- _WHAT THE TASK REQUIRES_
Which lines of the records below contain the word "lambda"? Report each of them in full.
Segment Open
lemma axis_frontier_point_supports:
  assumes sc: "strictly_convex_domain \<Omega>" and sym: "axially_symmetric \<Omega> a u"
    and x0: "x0 \<in> frontier \<Omega>" "reflection_line a u x0 = x0"
    and y: "y \<in> frontier \<Omega>" "y' \<in> frontier \<Omega>"
  shows "(y - x0) \<bullet> u \<le> 0 \<or> (y' - x0) \<bullet> u \<ge> 0"
proof (rule ccontr)
  assume "\<not> ?thesis"
  then have sides: "(y' - a) \<bullet> u < (x0 - a) \<bullet> u" "(x0 - a) \<bullet> u < (y - a) \<bullet> u"
    by (auto simp: inner_diff_left)
  have op: "open \<Omega>" and cv: "convex \<Omega>"
    and strict: "\<forall>x\<in>closure \<Omega>. \<forall>y\<in>closure \<Omega>. x \<noteq> y \<longrightarrow> open_segment x y \<subseteq> \<Omega>"
    using sc by (auto simp: strictly_convex_domain_def)
  have u: "u \<noteq> 0" using sym by (auto simp: axially_symmetric_def)
  define m where "m z = a + ((z - a) \<bullet> u) *\<^sub>R u" for z
  have m_closure: "m z \<in> closure \<Omega>" if "z \<in> frontier \<Omega>" for z
  proof -
    have "z \<in> closure \<Omega>" "reflection_line a u z \<in> closure \<Omega>"
      using that reflection_line_frontier[OF op sym that] by (auto simp: frontier_def)
    then show ?thesis
      unfolding m_def midpoint_reflection_line[symmetric] midpoint_def scaleR_right_distrib
      by (rule convexD[OF convex_closure[OF cv]]) simp_all
  qed
  \<comment> \<open>The projections of boundary points to the axis are midpoints of mirror pairs, hence lie in
    the closure; \<open>x0\<close> would lie strictly between two of them.\<close>
  have "x0 = m x0" using x0(2) midpoint_reflection_line[of x0 a u] by (simp add: m_def)
  also have "\<dots> \<in> open_segment (m y) (m y')"
    unfolding m_def by (rule line_point_in_open_segment[OF sides u])
  also have "\<dots> \<subseteq> \<Omega>"
  proof -
    have "m y \<noteq> m y'" using sides u by (simp add: m_def)
    then show ?thesis using strict m_closure[OF y(1)] m_closure[OF y(2)] by blast
  qed
  finally show False using x0(1) op by (simp add: frontier_def interior_open)
qed
locale contracting_collection =
  fixes f :: "'a::metric_space \<Rightarrow> 'a" and lam :: real and \<C> :: "'a set set" and n0 :: nat
  assumes complete: "complete (UNIV :: 'a set)"
    and lam_less_1: "lam < 1"
    and lipschitz: "C \<in> \<C> \<Longrightarrow> lam-lipschitz_on C f"
    and finite_collection: "finite \<C>"
    and disjoint_collection: "disjoint \<C>"
    and maps_into: "C \<in> \<C> \<Longrightarrow> \<exists>C'\<in>\<C>. f ` C \<subseteq> C'"
    and closure_maps_into: "B \<in> \<C> \<Longrightarrow> n \<ge> n0 \<Longrightarrow> \<exists>B'\<in>\<C>. closure ((f ^^ n) ` B) \<subseteq> B'"
begin

lemma member_eqI: "C \<in> \<C> \<Longrightarrow> C' \<in> \<C> \<Longrightarrow> x \<in> C \<Longrightarrow> x \<in> C' \<Longrightarrow> C = C'"
  using disjoint_collection by (meson disjnt_iff pairwiseD)

lemma funpow_maps_into: "C \<in> \<C> \<Longrightarrow> \<exists>C'\<in>\<C>. (f ^^ n) ` C \<subseteq> C'"
proof (induction n)
  case (Suc n)
  then obtain C' C'' where "C' \<in> \<C>" "(f ^^ n) ` C \<subseteq> C'" "C'' \<in> \<C>" "f ` C' \<subseteq> C''"
    using maps_into by meson
  then show ?case
    by (auto simp: image_comp[symmetric])
qed auto

lemma funpow_lipschitz: "C \<in> \<C> \<Longrightarrow> (lam ^ n)-lipschitz_on C (f ^^ n)"
proof (induction n)
  case 0
  then show ?case by (simp add: lipschitz_on_id)
next
  case (Suc n)
  then obtain C' where "C' \<in> \<C>" "(f ^^ n) ` C \<subseteq> C'"
    using funpow_maps_into by blast
  then have "lam-lipschitz_on ((f ^^ n) ` C) f"
    using lipschitz lipschitz_on_subset by blast
  then show ?case
    using lipschitz_on_compose[OF Suc.IH[OF Suc.prems]] by (simp add: mult.commute)
qed

lemma omega_limit_eq_in_member:
  assumes "C \<in> \<C>" "y \<in> C" "z \<in> C"
  shows "omega_limit f y = omega_limit f z"
proof -
  have "\<forall>n. norm (dist ((f ^^ n) y) ((f ^^ n) z)) \<le> lam ^ n * dist y z"
    using lipschitz_onD[OF funpow_lipschitz[OF assms(1)] assms(2,3)] by simp
  then have "eventually (\<lambda>n. norm (dist ((f ^^ n) y) ((f ^^ n) z)) \<le> lam ^ n * dist y z) sequentially"
    by (rule always_eventually)
  moreover have "0 \<le> lam"
    using lipschitz[OF assms(1)] by (rule lipschitz_on_nonneg)
  then have "(\<lambda>n. lam ^ n * dist y z) \<longlonglongrightarrow> 0"
    using lam_less_1 by (intro tendsto_mult_left_zero LIMSEQ_power_zero) simp
  ultimately have "(\<lambda>n. dist ((f ^^ n) y) ((f ^^ n) z)) \<longlonglongrightarrow> 0"
    by (rule Lim_null_comparison)
  then show ?thesis
    using omega_limit_subset_if_asymptotic[of f y z] omega_limit_subset_if_asymptotic[of f z y]
    by (simp add: dist_commute)
qed

lemma orbit_enters_invariant_member:
  assumes "y \<in> \<Union>\<C>"
  obtains D a p where "D \<in> \<C>" "(f ^^ a) y \<in> D" "p \<ge> 1" "(f ^^ p) ` D \<subseteq> D"
proof -
  have "\<forall>n\<in>UNIV. \<exists>C\<in>\<C>. (f ^^ n) y \<in> C"
    using assms funpow_maps_into by blast
  from pigeonhole_infinite_rel[OF infinite_UNIV_nat finite_collection this]
  obtain D where D: "D \<in> \<C>" and "infinite {n \<in> UNIV. (f ^^ n) y \<in> D}"
    by blast
  then have returns: "\<forall>m. \<exists>n>m. (f ^^ n) y \<in> D"
    unfolding infinite_nat_iff_unbounded by simp
  then obtain a where a: "(f ^^ a) y \<in> D"
    by blast
  obtain b where b: "a < b" "(f ^^ b) y \<in> D"
    using returns by blast
  obtain D' where D': "D' \<in> \<C>" "(f ^^ (b - a)) ` D \<subseteq> D'"
    using funpow_maps_into[OF D] by blast
  have "(f ^^ (b - a)) ((f ^^ a) y) = (f ^^ (b - a + a)) y"
    by (simp only: funpow_add o_apply)
  also have "\<dots> = (f ^^ b) y"
    using b(1) by simp
  finally have eq: "(f ^^ (b - a)) ((f ^^ a) y) = (f ^^ b) y" .
  have "(f ^^ (b - a)) ((f ^^ a) y) \<in> D'"
    using D'(2) a by blast
  with eq have "(f ^^ b) y \<in> D'"
    by simp
  then have "D' = D"
    using member_eqI[OF D'(1) D _ b(2)] by blast
  then show ?thesis
    using that[OF D a, of "b - a"] D' b(1) by simp
qed

lemma periodic_point_in_member:
  assumes "D \<in> \<C>" "D \<noteq> {}" "p \<ge> 1" "(f ^^ p) ` D \<subseteq> D"
  obtains q P where "q \<in> D" "P \<ge> 1" "(f ^^ P) q = q"
proof -
  \<comment> \<open>a multiple of p, so that D is f^P-invariant, and at least n0, so that strong invariance applies\<close>
  define P where "P = Suc n0 * p"
  have "Suc n0 * 1 \<le> P"
    unfolding P_def using assms(3) by (rule mult_le_mono2)
  then have P: "P \<ge> 1" "P \<ge> n0"
    by simp_all
  have into: "(f ^^ P) ` D \<subseteq> D"
    using funpow_image_subset[OF assms(4), of "Suc n0"] by (simp add: P_def funpow_mult mult.commute)
  obtain B where B: "B \<in> \<C>" "closure ((f ^^ P) ` D) \<subseteq> B"
    using closure_maps_into[OF assms(1) P(2)] by blast
  obtain x where "x \<in> D"
    using assms(2) by blast
  then have "B = D"
    using member_eqI[OF B(1) assms(1)] B(2) into closure_subset by blast
  moreover have "0 \<le> lam"
    using lipschitz[OF assms(1)] by (rule lipschitz_on_nonneg)
  then have "lam ^ P < 1"
    using P(1) lam_less_1 by (simp add: power_less_one_iff)
  ultimately obtain q where "q \<in> D" "(f ^^ P) q = q"
    using contraction_has_fixpoint[OF complete funpow_lipschitz[OF assms(1)]] assms(2) B(2) by blast
  then show ?thesis
    using that P(1) by blast
qed

lemma omega_limit_eq_periodic_orbit:
  assumes "y \<in> \<Union>\<C>"
  obtains q P where "q \<in> \<Union>\<C>" "P \<ge> 1" "(f ^^ P) q = q"
    "omega_limit f y = {(f ^^ k) q | k. True}"
proof -
  obtain D a p where D: "D \<in> \<C>" "(f ^^ a) y \<in> D" "p \<ge> 1" "(f ^^ p) ` D \<subseteq> D"
    using orbit_enters_invariant_member[OF assms] .
  then obtain q P where q: "q \<in> D" "P \<ge> 1" "(f ^^ P) q = q"
    using periodic_point_in_member by blast
  have "omega_limit f y = omega_limit f ((f ^^ a) y)"
    by (rule omega_limit_funpow[symmetric])
  also have "\<dots> = omega_limit f q"
    using D(1,2) q(1) by (rule omega_limit_eq_in_member)
  also have "\<dots> = {(f ^^ k) q | k. True}"
    using q(2,3) by (rule omega_limit_periodic_point)
  finally show ?thesis
    using that D(1) q by blast
qed

lemma orbit_subset_Union: "q \<in> \<Union>\<C> \<Longrightarrow> {(f ^^ k) q | k. True} \<subseteq> \<Union>\<C>"
  using funpow_maps_into by blast

theorem omega_limits_are_finitely_many_periodic_orbits:
  "\<exists>\<Gamma>. finite \<Gamma> \<and> (\<forall>\<gamma>\<in>\<Gamma>. periodic_orbit f \<gamma> \<and> \<gamma> \<subseteq> \<Union>\<C>) \<and>
     (\<forall>y\<in>\<Union>\<C>. omega_limit f y \<in> \<Gamma>)"
proof (intro exI conjI)
  have "finite (omega_limit f ` C)" if "C \<in> \<C>" for C
  proof (cases "C = {}")
    case False
    then obtain y where "y \<in> C" by blast
    then have "omega_limit f ` C \<subseteq> {omega_limit f y}"
      using omega_limit_eq_in_member[OF that] by blast
    then show ?thesis
      by (rule finite_subset) simp
  qed simp
  then show "finite (omega_limit f ` \<Union>\<C>)"
    using finite_collection by (simp add: image_Union)
  show "\<forall>\<gamma>\<in>omega_limit f ` \<Union>\<C>. periodic_orbit f \<gamma> \<and> \<gamma> \<subseteq> \<Union>\<C>"
  proof
    fix \<gamma> assume "\<gamma> \<in> omega_limit f ` \<Union>\<C>"
    then obtain y where y: "y \<in> \<Union>\<C>" and \<gamma>: "\<gamma> = omega_limit f y"
      by blast
    obtain q P where "q \<in> \<Union>\<C>" "P \<ge> 1" "(f ^^ P) q = q" "omega_limit f y = {(f ^^ k) q | k. True}"
      by (rule omega_limit_eq_periodic_orbit[OF y])
    then show "periodic_orbit f \<gamma> \<and> \<gamma> \<subseteq> \<Union>\<C>"
      unfolding \<gamma> periodic_orbit_def using orbit_subset_Union by blast
  qed
qed simp

end

theorem lemma3p5:
  fixes f :: "'a::metric_space \<Rightarrow> 'a" and lam :: real
    and N :: nat and A :: "nat \<Rightarrow> 'a set" and \<phi> :: "nat \<Rightarrow> 'a \<Rightarrow> 'a"
    and \<C> :: "'a set set"
  assumes X_compact: "compact (UNIV :: 'a set)"
    and balls_connected: "\<And>(x::'a) r. connected (ball x r)"
    and diam_pos: "diameter (UNIV :: 'a set) > 0"
    and lam: "0 < lam" "lam < 1"
    and A_open: "\<And>i. i < N \<Longrightarrow> open (A i)"
    and A_conn: "\<And>i. i < N \<Longrightarrow> connected (A i)"
    and A_disj: "\<And>i j. i < N \<Longrightarrow> j < N \<Longrightarrow> i \<noteq> j \<Longrightarrow> A i \<inter> A j = {}"
    and A_dense: "closure (\<Union>i<N. A i) = UNIV"
    and \<phi>_lip: "\<And>i. i < N \<Longrightarrow> bi_lipschitz_le lam (\<phi> i)"
    and f_piece: "\<And>i x. i < N \<Longrightarrow> x \<in> A i \<Longrightarrow> f x = \<phi> i x"
    and C_open: "\<And>C. C \<in> \<C> \<Longrightarrow> open C"
    and C_inv: "strongly_invariant f N A \<C>"
  shows "\<exists>\<Gamma>. finite \<Gamma> \<and> (\<forall>\<gamma>\<in>\<Gamma>. periodic_orbit f \<gamma> \<and> \<gamma> \<subseteq> \<Union>\<C>) \<and>
           (\<forall>y\<in>\<Union>\<C>. omega_limit f y \<in> \<Gamma>)"
proof -
  obtain n0 where fin: "finite \<C>" and disj: "disjoint \<C>"
    and maps: "\<forall>C\<in>\<C>. \<exists>C'\<in>\<C>. f ` C \<subseteq> C'"
    and closure_maps: "\<forall>B\<in>\<C>. \<forall>n\<ge>n0. \<exists>B'\<in>\<C>. closure ((f ^^ n) ` B) \<subseteq> B'"
    and in_piece: "\<forall>C\<in>\<C>. \<exists>i<N. C \<subseteq> A i"
    using C_inv unfolding strongly_invariant_def by (elim conjE exE) blast
  have lipschitz: "lam-lipschitz_on C f" if C: "C \<in> \<C>" for C
  proof (rule lipschitz_onI)
    obtain i where i: "i < N" "C \<subseteq> A i"
      using bspec[OF in_piece C] by blast
    fix x y assume "x \<in> C" "y \<in> C"
    then have "f x = \<phi> i x" "f y = \<phi> i y"
      using f_piece i by auto
    then show "dist (f x) (f y) \<le> lam * dist x y"
      using \<phi>_lip[OF i(1)] unfolding bi_lipschitz_le_def by simp
  qed (use lam(1) in simp)
  interpret contracting_collection f lam \<C> n0
    by unfold_locales
      (use compact_imp_complete[OF X_compact] lam(2) lipschitz fin disj maps closure_maps in blast)+
  show ?thesis
    by (rule omega_limits_are_finitely_many_periodic_orbits)
qed

end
Segment Closed
- _ANSWER FOR THE TASK_
  then have "eventually (\<lambda>n. norm (dist ((f ^^ n) y) ((f ^^ n) z)) \<le> lam ^ n * dist y z) sequentially"
  then have "(\<lambda>n. lam ^ n * dist y z) \<longlonglongrightarrow> 0"
  ultimately have "(\<lambda>n. dist ((f ^^ n) y) ((f ^^ n) z)) \<longlonglongrightarrow> 0"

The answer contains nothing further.